Aquí hay un documento interesante.
http://www.silge.com.ar/hojtec/eltra/si010es2.pdf
Básicamente se trata de comprobar el NIVEL de la señal A con el FLANCO de la B (o viceversa, no importa). Si está alto gira en un sentido, si está bajo gira en otro. 
Las señales A y B están desfasadas 90 grados, es decir que la secuencia en un sentido es: apareceA, apareceB, desapareceA, desapareceB. En el otro sentido es apareceA, desapareceB, desapareceA, apareceB. Puedes ver que leyendo una secuencia al revés es lo mismo que la otra.


----------



## guillermo_fd (May 11, 2008)

mira pues segun lo que investigue los encoder de mouse tiene un emisor de luz por cada eje (X,Y) ahora bien tienen dos receptores "A" y "B" por cada eje  los cuales mandan una señal logica ... el sentido del giro es codificado mediante un deface de los sensores en las ranuras del la rueda ... esto crea una señal cuadrada que produce un conteo gray de dos bits , ya sea acendente o descendente segun el sentido del giro : 

(00  01  11  10) o (00 10 11 01) de aqui se manda a un ckt que decodifica en que sentido gira la rueda


----------



## Nico17 (May 11, 2008)

¿Como funcionan los mouse opticos? Una vez desarme uno y tienen un tipo de integrado con un lente debajo.


----------



## dnlnlly (Mar 24, 2009)

si alguien sabe como conectar estos para lograr en las salidas pulsos de 0 y 1 se lo agradeceria


----------



## Guest (Mar 28, 2009)

Nico17 dijo:
			
		

> ¿Como funcionan los mouse opticos? Una vez desarme uno y tienen un tipo de integrado con un lente debajo.
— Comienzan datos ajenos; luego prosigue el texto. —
text \<open>Coordinates from \<open>d\<close> on are \<open>undefined\<close>, so that the centres lie in the extensional
  cube.\<close>
definition grid_center :: "nat \<Rightarrow> nat \<Rightarrow> real \<Rightarrow> (nat \<Rightarrow> nat) \<Rightarrow> nat \<Rightarrow> real" where
  "grid_center s d M a =
    (\<lambda>i. if i < s then (2 * real (a i) + 1) / M else if i < d then 1/2 else undefined)"

definition grid_indices :: "nat \<Rightarrow> nat \<Rightarrow> (nat \<Rightarrow> nat) set" where
  "grid_indices s L = PiE {..<s} (\<lambda>_. {..<L})"

lemma finite_grid_indices: "finite (grid_indices s L)"
  by (simp add: grid_indices_def finite_PiE)

lemma card_grid_indices: "card (grid_indices s L) = L ^ s"
  by (simp add: grid_indices_def card_PiE)

lemma grid_center_bounds:
  assumes M: "M = 2 * real L" and a: "a \<in> grid_indices s L" and i: "i < s"
  shows "1 / M \<le> grid_center s d M a i \<and> grid_center s d M a i \<le> 1 - 1 / M"
proof
  have ai: "a i < L" using a i by (auto simp: grid_indices_def)
  then have M_pos: "M > 0" using M by simp
  show "1 / M \<le> grid_center s d M a i"
    using i M_pos by (simp add: grid_center_def divide_right_mono)
  have "2 * real (a i) + 1 \<le> M - 1" using ai M by linarith
  then have "(2 * real (a i) + 1) / M \<le> (M - 1) / M" using M_pos by (intro divide_right_mono) auto
  also have "(M - 1) / M = 1 - 1 / M" using M_pos by (simp add: field_simps)
  finally show "grid_center s d M a i \<le> 1 - 1 / M" using i by (simp add: grid_center_def)
qed

lemma grid_center_in_cube:
  assumes M: "M = 2 * real L" and a: "a \<in> grid_indices s L" and sd: "s \<le> d"
  shows "grid_center s d M a \<in> cube d"
proof -
  have "grid_center s d M a i \<in> {0..1}" if "i < d" for i
  proof (cases "i < s")
    case True
    then have "a i < L" using a by (auto simp: grid_indices_def)
    then have "0 < 1 / M" using M by simp
    moreover have "1 / M \<le> grid_center s d M a i" "grid_center s d M a i \<le> 1 - 1 / M"
      using grid_center_bounds[OF M a True, where d=d] by auto
    ultimately have "0 \<le> grid_center s d M a i" "grid_center s d M a i \<le> 1" by linarith+
    then show ?thesis by simp
  next
    case False
    then show ?thesis using that by (simp add: grid_center_def)
  qed
  moreover have "grid_center s d M a i = undefined" if "\<not> i < d" for i
    using that sd by (simp add: grid_center_def)
  ultimately show ?thesis unfolding cube_def PiE_iff extensional_def by simp
qed

lemma theta_grid_center_disjoint:
  assumes M: "M > 0" and a: "a \<in> grid_indices s L" and b: "b \<in> grid_indices s L"
    and "theta s M (grid_center s d M a) x \<noteq> 0" "theta s M (grid_center s d M b) x \<noteq> 0"
  shows "a = b"
proof
  fix i
  show "a i = b i"
  proof (cases "i < s")
    case True
    have "\<bar>x i - grid_center s d M a i\<bar> < 1 / M" "\<bar>x i - grid_center s d M b i\<bar> < 1 / M"
      using theta_nonzero_imp_near[OF M _ True] assms(4,5) by auto
    then have "M * \<bar>x i - grid_center s d M a i\<bar> < 1" "M * \<bar>x i - grid_center s d M b i\<bar> < 1"
      using M by (simp_all add: field_simps)
    then have "\<bar>M * x i - M * grid_center s d M a i\<bar> < 1" "\<bar>M * x i - M * grid_center s d M b i\<bar> < 1"
      using M by (simp_all add: abs_mult right_diff_distrib[symmetric])
    moreover have "M * grid_center s d M a i = 2 * real (a i) + 1" "M * grid_center s d M b i = 2 * real (b i) + 1"
      using True M by (simp_all add: grid_center_def)
    ultimately show ?thesis by linarith
  next
    case False
    then show ?thesis using a b by (simp add: grid_indices_def PiE_iff extensional_def)
  qed
qed

text \<open>Each sample point lies in the support of at most one grid bump.\<close>
lemma card_grid_bumps_hit_le:
  assumes M: "M > 0"
  shows "card {a \<in> grid_indices s L. \<exists>x\<in>set xs. theta s M (grid_center s d M a) x \<noteq> 0}
    \<le> length xs"
proof -
  have single: "card {a \<in> grid_indices s L. theta s M (grid_center s d M a) x \<noteq> 0} \<le> 1" for x
  proof -
    have "finite {a \<in> grid_indices s L. theta s M (grid_center s d M a) x \<noteq> 0}"
      using finite_grid_indices by simp
    then have "card {a \<in> grid_indices s L. theta s M (grid_center s d M a) x \<noteq> 0} \<le> Suc 0"
      using theta_grid_center_disjoint[OF M] by (subst card_le_Suc0_iff_eq) blast+
    then show ?thesis by simp
  qed
  have "card {a \<in> grid_indices s L. \<exists>x\<in>set xs. theta s M (grid_center s d M a) x \<noteq> 0}
      = card (\<Union>x\<in>set xs. {a \<in> grid_indices s L. theta s M (grid_center s d M a) x \<noteq> 0})"
    by (rule arg_cong[of _ _ card]) auto
  also have "\<dots> \<le> (\<Sum>x\<in>set xs. card {a \<in> grid_indices s L. theta s M (grid_center s d M a) x \<noteq> 0})"
    by (rule card_UN_le) simp
  also have "\<dots> \<le> (\<Sum>x\<in>set xs. 1)" by (intro sum_mono single)
  also have "\<dots> \<le> length xs" by (simp add: card_length)
  finally show ?thesis .
qed

lemma card_grid_bumps_missed_ge:
  assumes M: "M > 0"
  shows "real (L ^ s) - real (length xs) \<le>
    real (card {a \<in> grid_indices s L. \<forall>x\<in>set xs. theta s M (grid_center s d M a) x = 0})"
proof -
  define Hit where "Hit = {a \<in> grid_indices s L. \<exists>x\<in>set xs. theta s M (grid_center s d M a) x \<noteq> 0}"
  have "{a \<in> grid_indices s L. \<forall>x\<in>set xs. theta s M (grid_center s d M a) x = 0} = grid_indices s L - Hit"
    by (auto simp: Hit_def)
  moreover have "Hit \<subseteq> grid_indices s L" by (auto simp: Hit_def)
  then have "card Hit \<le> L ^ s"
    using card_mono[OF finite_grid_indices] by (simp add: card_grid_indices)
  moreover have "card Hit \<le> length xs"
    unfolding Hit_def by (rule card_grid_bumps_hit_le[OF M])
  ultimately show ?thesis
    using \<open>Hit \<subseteq> grid_indices s L\<close>
    by (simp add: card_Diff_subset finite_subset[OF _ finite_grid_indices] card_grid_indices of_nat_diff)
qed

section \<open>Lower bounds for adaptive methods\<close>

lemma Lp_dist_pair_ge:
  assumes p: "1 \<le> p" and u0: "u0 \<in> Lp_space d p" and h: "h \<in> Lp_space d p"
    and g: "g \<in> Lp_space d p" and c: "c \<ge> 0"
    and S: "S \<in> sets (cube_measure d)" "measure (cube_measure d) S > 0"
    and h_ge: "\<And>x. x \<in> S \<Longrightarrow> h x \<ge> 1/2"
  shows "ennreal (c * measure (cube_measure d) S powr pinv p) \<le>
    Lp_dist d p (\<lambda>x. u0 x + c * h x) g + Lp_dist d p (\<lambda>x. u0 x - c * h x) g"
proof -
  have ch: "(\<lambda>x. c * h x) \<in> Lp_space d p" by (rule Lp_space_cmult[OF p h])
  have plus: "(\<lambda>x. u0 x + c * h x - g x) \<in> Lp_space d p"
    by (rule Lp_space_diff[OF p Lp_space_add[OF p u0 ch] g])
  have minus: "(\<lambda>x. g x - (u0 x - c * h x)) \<in> Lp_space d p"
    by (rule Lp_space_diff[OF p g Lp_space_diff[OF p u0 ch]])
  have "ennreal (c * measure (cube_measure d) S powr pinv p) \<le>
      Lp_norm d p (\<lambda>x. (u0 x + c * h x - g x) + (g x - (u0 x - c * h x)))"
  proof (rule Lp_norm_ge_on_set[OF p Lp_space_add[OF p plus minus] S c])
    fix x assume "x \<in> S"
    have "c * 1 \<le> c * (2 * h x)" using h_ge[OF \<open>x \<in> S\<close>] c by (intro mult_left_mono) auto
    then show "c \<le> \<bar>u0 x + c * h x - g x + (g x - (u0 x - c * h x))\<bar>" by simp
  qed
  also have "\<dots> \<le> Lp_dist d p (\<lambda>x. u0 x + c * h x) g + Lp_dist d p g (\<lambda>x. u0 x - c * h x)"
    by (rule Lp_norm_triangle[OF p plus minus])
  finally show ?thesis by (simp add: Lp_dist_commute[of d p g])
qed

lemma length_samples: "length (samples f u n) = n"
  by (induction n) (simp_all add: Let_def)

lemma samples_cong: "(\<And>x. x \<in> set (samples f u n) \<Longrightarrow> v x = u x) \<Longrightarrow> samples f v n = samples f u n"
proof (induction n)
  case (Suc n)
  have "set (samples f u n) \<subseteq> set (samples f u (Suc n))" by (auto simp: Let_def)
  then have "samples f v n = samples f u n" "map v (samples f u n) = map u (samples f u n)"
    using Suc by auto
  then show ?case by (simp add: Let_def del: map_eq_conv)
qed simp

text \<open>A deterministic method cannot distinguish inputs that agree with \<open>u\<^sub>0\<close> at the \<open>n\<close> points
  it samples on \<open>u\<^sub>0\<close>: by induction, it then samples them at the same points.\<close>
lemma Alg_obtains_fooling_points:
  assumes "A \<in> Alg d n U Y"
  obtains xs g where "length xs = n" "g \<in> Y"
    "\<And>v. v \<in> U \<Longrightarrow> (\<And>x. x \<in> set xs \<Longrightarrow> v x = u0 x) \<Longrightarrow> A v = g"
proof -
  obtain f Q where Q: "\<And>xs ys. Q xs ys \<in> Y"
    and A_eq: "\<And>u. u \<in> U \<Longrightarrow> A u = Q (samples f u n) (map u (samples f u n))"
    using assms unfolding Alg_def by blast
  define xs where "xs = samples f u0 n"
  have "A v = Q xs (map u0 xs)"
    if "v \<in> U" and agree: "\<And>x. x \<in> set xs \<Longrightarrow> v x = u0 x" for v
  proof -
    have "samples f v n = xs"
      unfolding xs_def by (rule samples_cong) (use agree in \<open>simp add: xs_def\<close>)
    then have "A v = Q xs (map v xs)"
      using A_eq[OF that(1)] by simp
    also have "map v xs = map u0 xs"
      using agree by simp
    finally show ?thesis .
  qed
  then show ?thesis
    using that[of xs "Q xs (map u0 xs)"] Q by (simp add: xs_def length_samples)
qed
Con un sensor CCD, es decir una camara. luego un chip reconoce por hard puntos de referencia (normamente hasta 4).


----------



## nikko (Nov 4, 2009)

hola a todos, soy nuevo en el foro, y eta muy bueno.
tengo un proyecto pero voy a nesecitar ayuda. ¿como hago para girar la volita del maouse o el laser y que la salida sea 0 o 1 sin estar conectado a la pc?? desde ya muchas gracias a todos


----------



## ejtagle (Nov 5, 2009)

Salida a 0 o a 1 sin estar conectada a la PC ? --- Vas a tener que explicar un poco mejor para que te podamos ayudar


----------



## willyland (Dic 7, 2009)

solo coloca tension 5  v al mouse


----------